The conventional art method proposed to solve the foregoing problem in Japanese patent application unexamined laid open No. 8-157271 coats the surface of an FRC with glass. This method improves the oxidation resistance and the room temperature strength of the FRC by the sealing effect of the glass. However, the properties of the FRC manufactured by this method are still below the level of properties required of structural materials for use in a hot oxidizing atmosphere.
The inventors of the present invention found through elaborate studies of the foregoing problems that the foregoing problem can be solved by impregnating the conventional fiber-reinforced ceramic with glass so that the voids are filled up with the glass and have made the present invention on the basis of the knowledge acquired through the studies.
The present invention has been made to solve the foregoing problems and it is therefore an object of the present invention to provide a glass-impregnated, fiber-reinforced ceramic having excellent oxidation resistance in a hot oxidizing atmosphere and high room temperature strength.
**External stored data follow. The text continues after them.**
lemma stone_clopen_cover_finite_subcover:
  assumes cover: "stone_spectrum \<subseteq> (\<Union>a\<in>A. stone_clopen a)"
  shows "\<exists>D. finite D \<and> D \<subseteq> A \<and> stone_spectrum \<subseteq> (\<Union>a\<in>D. stone_clopen a)"
proof (rule ccontr)
  let ?F = "{x. \<exists>D. finite D \<and> D \<subseteq> A \<and> stone_spectrum - (\<Union>a\<in>D. stone_clopen a) \<subseteq> stone_clopen x}"
  assume "\<not> ?thesis"
  then have "dual_ideal ?F" by (intro dual_ideal_of_no_finite_subcover) blast
  then have "\<exists>B\<in>stone_spectrum. ?F \<subseteq> B" by (rule dual_ideal_extends_to_stone_spectrum)
  then obtain B where B: "B \<in> stone_spectrum" "?F \<subseteq> B" ..
  from B(1) cover obtain a where "a \<in> A" "a \<in> B" by auto
  have "- a \<in> ?F"
    using \<open>a \<in> A\<close> by (intro CollectI exI[of _ "{a}"]) (auto simp: stone_spectrum_compl_iff)
  with B(2) have "- a \<in> B" by (rule subsetD)
  with \<open>a \<in> B\<close> show False using stone_spectrum_compl_iff[OF B(1)] by blast
qed

lemma compact_space_stone_topology: "compact_space (stone_topology :: 'a::boolean_algebra set topology)"
  unfolding compact_space_alt topspace_stone_topology
proof (intro allI impI)
  fix \<U> :: "'a set set set"
  assume "(\<forall>U\<in>\<U>. openin stone_topology U) \<and> stone_spectrum \<subseteq> \<Union>\<U>"
  then have opens: "\<And>U. U \<in> \<U> \<Longrightarrow> openin stone_topology U" and cov: "stone_spectrum \<subseteq> \<Union>\<U>"
    by auto
  define A where "A = {a. \<exists>U\<in>\<U>. stone_clopen a \<subseteq> U}"
  have "stone_spectrum \<subseteq> (\<Union>a\<in>A. stone_clopen a)"
  proof
    fix B :: "'a set" assume B: "B \<in> stone_spectrum"
    with cov obtain U where U: "U \<in> \<U>" "B \<in> U" by auto
    with opens obtain a where a: "a \<in> B" "stone_clopen a \<subseteq> U"
      unfolding openin_stone_topology_iff by meson
    then have "a \<in> A" using U(1) unfolding A_def by auto
    with B a(1) show "B \<in> (\<Union>a\<in>A. stone_clopen a)" by auto
  qed
  then obtain D where D: "finite D" "D \<subseteq> A" "stone_spectrum \<subseteq> (\<Union>a\<in>D. stone_clopen a)"
    by (auto dest: stone_clopen_cover_finite_subcover)
  have "\<forall>a\<in>D. \<exists>U. U \<in> \<U> \<and> stone_clopen a \<subseteq> U"
    using D(2) unfolding A_def by auto
  then obtain g where g: "\<forall>a\<in>D. g a \<in> \<U> \<and> stone_clopen a \<subseteq> g a"
    by (rule bchoice[elim_format]) auto
  have "stone_spectrum \<subseteq> \<Union>(g ` D)"
  proof
    fix B :: "'a set" assume "B \<in> stone_spectrum"
    with D(3) obtain a where "a \<in> D" "B \<in> stone_clopen a" by auto
    with g show "B \<in> \<Union>(g ` D)" by auto
  qed
  moreover have "g ` D \<subseteq> \<U>" using g by auto
  ultimately show "\<exists>\<F>. finite \<F> \<and> \<F> \<subseteq> \<U> \<and> stone_spectrum \<subseteq> \<Union>\<F>"
    using D(1) by (intro exI[of _ "g ` D"]) auto
qed

lemma stone_clopen_UN_finite:
  "finite D \<Longrightarrow> \<exists>c. stone_clopen c = (\<Union>d\<in>D. stone_clopen d)"
proof (induction rule: finite_induct)
  case empty
  show ?case using stone_clopen_bot by auto
next
  case (insert x D)
  then obtain c where "stone_clopen c = (\<Union>d\<in>D. stone_clopen d)" by blast
  then show ?case using stone_clopen_sup[of x c] by auto
qed

lemma compactin_stone_clopen_between:
  assumes K: "compactin stone_topology K" and U: "openin stone_topology U" and "K \<subseteq> U"
  shows "\<exists>c. K \<subseteq> stone_clopen c \<and> stone_clopen c \<subseteq> U"
proof -
  have "K \<subseteq> \<Union>(stone_clopen ` {a. stone_clopen a \<subseteq> U})"
    using \<open>K \<subseteq> U\<close> U unfolding openin_stone_topology_iff by blast
  then have "\<exists>W. finite W \<and> W \<subseteq> stone_clopen ` {a. stone_clopen a \<subseteq> U} \<and> K \<subseteq> \<Union>W"
    using openin_stone_clopen by (intro compactinD[OF K]) auto
  then obtain W where W: "finite W" "W \<subseteq> stone_clopen ` {a. stone_clopen a \<subseteq> U}" "K \<subseteq> \<Union>W"
    by blast
  obtain D where "D \<subseteq> {a. stone_clopen a \<subseteq> U}" "finite D" "W = stone_clopen ` D"
    using finite_subset_image[OF W(1,2)] by blast
  with W(3) have "finite D" "D \<subseteq> {a. stone_clopen a \<subseteq> U}" "K \<subseteq> (\<Union>d\<in>D. stone_clopen d)"
    by simp_all
  moreover obtain c where "stone_clopen c = (\<Union>d\<in>D. stone_clopen d)"
    using stone_clopen_UN_finite[OF \<open>finite D\<close>] by blast
  ultimately show ?thesis by blast
qed

lemma continuous_map_stoneI:
  fixes f :: "'a::boolean_algebra set \<Rightarrow> 'b::metric_space"
  assumes "\<And>B e. B \<in> stone_spectrum \<Longrightarrow> e > 0 \<Longrightarrow>
    \<exists>a\<in>B. \<forall>B'\<in>stone_clopen a. dist (f B') (f B) < e"
  shows "continuous_map stone_topology euclidean f"
  unfolding continuous_map_def topspace_stone_topology
proof (intro conjI allI impI)
  fix V :: "'b set" assume "openin euclidean V"
  then have V: "open V" by simp
  show "openin stone_topology {B \<in> stone_spectrum. f B \<in> V}"
    unfolding openin_stone_topology_iff
  proof (intro conjI ballI)
    fix B assume B: "B \<in> {B \<in> stone_spectrum. f B \<in> V}"
    then obtain e where "e > 0" "ball (f B) e \<subseteq> V" using V open_contains_ball by blast
    moreover obtain a where "a \<in> B" "\<forall>B'\<in>stone_clopen a. dist (f B') (f B) < e"
      using assms B \<open>e > 0\<close> by blast
    ultimately have "stone_clopen a \<subseteq> {B \<in> stone_spectrum. f B \<in> V}"
      by (auto simp: dist_commute)
    with \<open>a \<in> B\<close> show "\<exists>a\<in>B. stone_clopen a \<subseteq> {B \<in> stone_spectrum. f B \<in> V}" ..
  qed blast
qed simp

lemma continuous_map_stone_bounded:
  fixes f :: "'a::boolean_algebra set \<Rightarrow> 'b::real_normed_vector"
  assumes "continuous_map stone_topology euclidean f"
  shows "\<exists>M. \<forall>B\<in>stone_spectrum. norm (f B) \<le> M"
proof -
  have "compactin euclidean (f ` stone_spectrum)"
    using image_compactin[OF compact_space_stone_topology[unfolded compact_space_def] assms]
    by (simp add: topspace_stone_topology)
  then have "bounded (f ` stone_spectrum)" by (simp add: compact_imp_bounded)
  then show ?thesis unfolding bounded_iff by blast
qed

section \<open>Sigma-completeness\<close>

lemma sigma_complete_lub:
  assumes "sigma_complete TYPE('a::boolean_algebra)" and "countable (S :: 'a set)"
  shows "\<exists>x. is_lub x S"
proof -
  obtain y where y: "is_glb y (uminus ` S)"
    using assms(1) countable_image[OF assms(2)] unfolding sigma_complete_def by blast
  have "is_lub (- y) S"
    unfolding is_lub_def
  proof (intro conjI ballI allI impI)
    fix s assume "s \<in> S"
    then show "s \<le> - y" using y unfolding is_glb_def by (blast intro: compl_le_swap1)
  next
    fix z assume "\<forall>s\<in>S. s \<le> z"
    then have "- z \<le> y" using y unfolding is_glb_def by auto
    then show "- y \<le> z" by (rule compl_le_swap2)
  qed
  then show ?thesis by blast
qed

lemma sigma_complete_clopen_between:
  fixes U F :: "'a::boolean_algebra set set" and K :: "nat \<Rightarrow> 'a set set"
  assumes sc: "sigma_complete TYPE('a)"
    and U: "openin stone_topology U" and F: "closedin stone_topology F" and "U \<subseteq> F"
    and K: "\<And>n. closedin stone_topology (K n)" and U_eq: "U = (\<Union>n. K n)"
  shows "\<exists>s. (\<forall>a. stone_clopen a \<subseteq> U \<longrightarrow> a \<le> s) \<and> stone_clopen s \<subseteq> F"
proof -
  have "\<exists>c. K n \<subseteq> stone_clopen c \<and> stone_clopen c \<subseteq> U" for n
  proof (rule compactin_stone_clopen_between)
    show "compactin stone_topology (K n)"
      using closedin_compact_space[OF compact_space_stone_topology K] .
    show "K n \<subseteq> U" using U_eq by auto
  qed (rule U)
  then obtain c where c: "\<And>n. K n \<subseteq> stone_clopen (c n)" "\<And>n. stone_clopen (c n) \<subseteq> U"
    by metis
  have "countable (range c)" by simp
  then obtain s where s: "is_lub s (range c)" using sigma_complete_lub[OF sc] by blast
  have "a \<le> s" if a: "stone_clopen a \<subseteq> U" for a
  proof -
    have "stone_clopen a \<subseteq> stone_clopen s"
    proof
      fix B assume "B \<in> stone_clopen a"
      with a U_eq c(1) obtain n where "B \<in> stone_clopen (c n)" by blast
      moreover have "c n \<le> s" using s unfolding is_lub_def by auto
      ultimately show "B \<in> stone_clopen s" using stone_spectrum_upward by auto
    qed
    then show ?thesis by (simp only: stone_clopen_subset_iff)
  qed
  moreover have "stone_clopen s \<subseteq> F"
  proof
    fix B assume B: "B \<in> stone_clopen s"
    show "B \<in> F"
    proof (rule ccontr)
      assume "B \<notin> F"
      have "openin stone_topology (stone_spectrum - F)"
        using F by (simp add: closedin_def topspace_stone_topology)
      moreover have "B \<in> stone_spectrum - F" using B \<open>B \<notin> F\<close> by auto
      ultimately obtain d where d: "d \<in> B" "stone_clopen d \<subseteq> stone_spectrum - F"
        unfolding openin_stone_topology_iff by meson
      have "stone_clopen (c n) \<subseteq> stone_clopen (- d)" for n
        using c(2)[of n] \<open>U \<subseteq> F\<close> d(2) unfolding stone_clopen_compl by auto
      then have "c n \<le> - d" for n by (simp only: stone_clopen_subset_iff)
      then have "s \<le> - d" using s unfolding is_lub_def by auto
      then have "- d \<in> B" using B stone_spectrum_upward by auto
      with B d(1) show False using stone_spectrum_compl_iff by auto
    qed
  qed
  ultimately show ?thesis by auto
qed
Another object of the present invention is to provide a method of manufacturing a glass-impregnated, fiber-reinforced ceramic having excellent oxidation resistance in a hot oxidizing atmosphere and high room temperature strength.
According to a first aspect of the present invention, a glass-impregnated, fiber-reinforced ceramic including a ceramic matrix having voids opening outside; inorganic fibers embedded in the ceramic matrix; and a glass matrix with which the voids of the ceramic matrix are filled.
When the glass-impregnated, fiber-reinforced ceramic is placed in a hot oxidizing atmosphere, the ceramic matrix and the inorganic fibers embedded in the ceramic matrix are insulated from oxygen contained in the hot oxidizing atmosphere because at least the voids in the ceramic matrix are filled up with the glass matrix. Therefore, even if the ceramic matrix and the inorganic fibers are subject to oxidation, the oxidation of the ceramic matrix and the inorganic fibers are protected surely from oxidation and hence a main cause of the reduction of the high-temperature strength and the oxidation resistance of the glass-impregnated, fiber-reinforced ceramic is eliminated. Accordingly, the high-temperature strength and the oxidation resistance of the glass-impregnated, fiber-reinforced ceramic of the present invention are far higher than those of the conventional fiber-reinforced ceramic not impregnated with glass. Since the cause of reduction of the strength due to the notch effect of the voids can be eliminated by the densifying effect of the impregnation with glass, the room temperature strength of the glass-impregnated, fiber-reinforced ceramic of the present invention is far higher than that of the conventional fiber-reinforced ceramic.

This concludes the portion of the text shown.